_Task inputs_.
(* Let $\lambda>0$ be a real number and let $\mathbf{H}$ be the $4\times 8$ binary matrix $$\mathbf{H}=\begin{bmatrix}1&1&1&1&0&0&0&0\\0&0&1&1&1&1&0&0\\0&0&0&0&1&1&1&1\\0&1&0&1&0&1&0&1\end{bmatrix}.$$ For any $\mathbf{k}_1\in\{0,1\}^4$, let $\mathbf{v}_1:=\mathrm{Encode}_{E'_8}(\mathbf{k}_1)=\lambda\cdot(\mathbf{k}_1\mathbf{H}\bmod 2)\in[0,\lambda]^8$. For any $\mathbf{v}_2\in\mathbb{R}^8$, let $\mathbf{k}_2:=\mathrm{Decode}_{E'_8}(\mathbf{v}_2)$ (the decoding algorithm described in the context). If $\|\mathbf{v}_2-\mathbf{v}_1\|_{2\lambda,2}<\lambda$, then $\mathbf{k}_1=\mathbf{k}_2$.
   Context: Norms: for a positive real $Q$ and $w\in\mathbb{R}$, $w\bmod^{\pm}Q$ denotes the representative of $w$ modulo $Q$ in $[-Q/2,Q/2)$, $\|w\|_{Q,\infty}:=|w\bmod^{\pm}Q|$ and $\|w\|_{Q,2}:=\|w\|_{Q,\infty}$; for a vector $\mathbf{w}=(w_0,\dots,w_{m-1})$, $\|\mathbf{w}\|_{Q,2}:=\sqrt{\sum_i\|w_i\|_{Q,\infty}^2}$. The scalable $E_8$ lattice is $E'_8=\lambda\cdot[C\cup(C+\mathbf{c})]$ where $C=\{(x_1,x_1,x_2,x_2,x_3,x_3,x_4,x_4)\in\{0,1\}^8:\sum x_i\equiv 0\bmod 2\}$ and $\mathbf{c}=(0,1,0,1,0,1,0,1)$; equivalently $E'_8=\{\lambda(\mathbf{k}\mathbf{H}\bmod 2):\mathbf{k}\in\{0,1\}^4\}$. Subroutine $\mathrm{Decode}_{C'}(\mathbf{x})$ for $\mathbf{x}=(x_0,\dots,x_7)\in\mathbb{R}^8$: set $mind:=+\infty$, $mini:=0$, $\mathsf{TotalCost}:=0$. For $i=0,\dots,3$: let $c_0:=\|x_{2i}\|_{2\lambda,2}^2+\|x_{2i+1}\|_{2\lambda,2}^2$ and $c_1:=\|x_{2i}-\lambda\|_{2\lambda,2}^2+\|x_{2i+1}-\lambda\|_{2\lambda,2}^2$; let $k_i:=\arg\min\{c_0,c_1\}\in\{0,1\}$; add $c_{k_i}$ to $\mathsf{TotalCost}$; if $c_{1-k_i}-c_{k_i}<mind$, set $mind:=c_{1-k_i}-c_{k_i}$ and $mini:=i$. After the loop, if $k_0+k_1+k_2+k_3$ is odd, replace $k_{mini}$ by $1-k_{mini}$ and add $mind$ to $\mathsf{TotalCost}$. Output $((k_0,k_1,k_2,k_3),\mathsf{TotalCost})$. Algorithm $\mathrm{Decode}_{E'_8}(\mathbf{x})$: compute $(\mathbf{k}_0',T_0):=\mathrm{Decode}_{C'}(\mathbf{x})$ and $(\mathbf{k}_1',T_1):=\mathrm{Decode}_{C'}(\mathbf{x}-\lambda\mathbf{c})$; let $b:=\arg\min\{T_0,T_1\}$; write $\mathbf{k}'_b=(k_0,k_1,k_2,k_3)$ and output $(k_0,\,k_1\oplus k_0,\,k_3,\,b)\in\{0,1\}^4$. *)

theory Defs
  imports Complex_Main "HOL-Library.Extended_Real"
begin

_What to do_.
All lines from the one containing "theory Defs" down to the final line above are to be restated word for word; leave out the rest.

_Exercise output_.
theory Defs
  imports Complex_Main "HOL-Library.Extended_Real"
begin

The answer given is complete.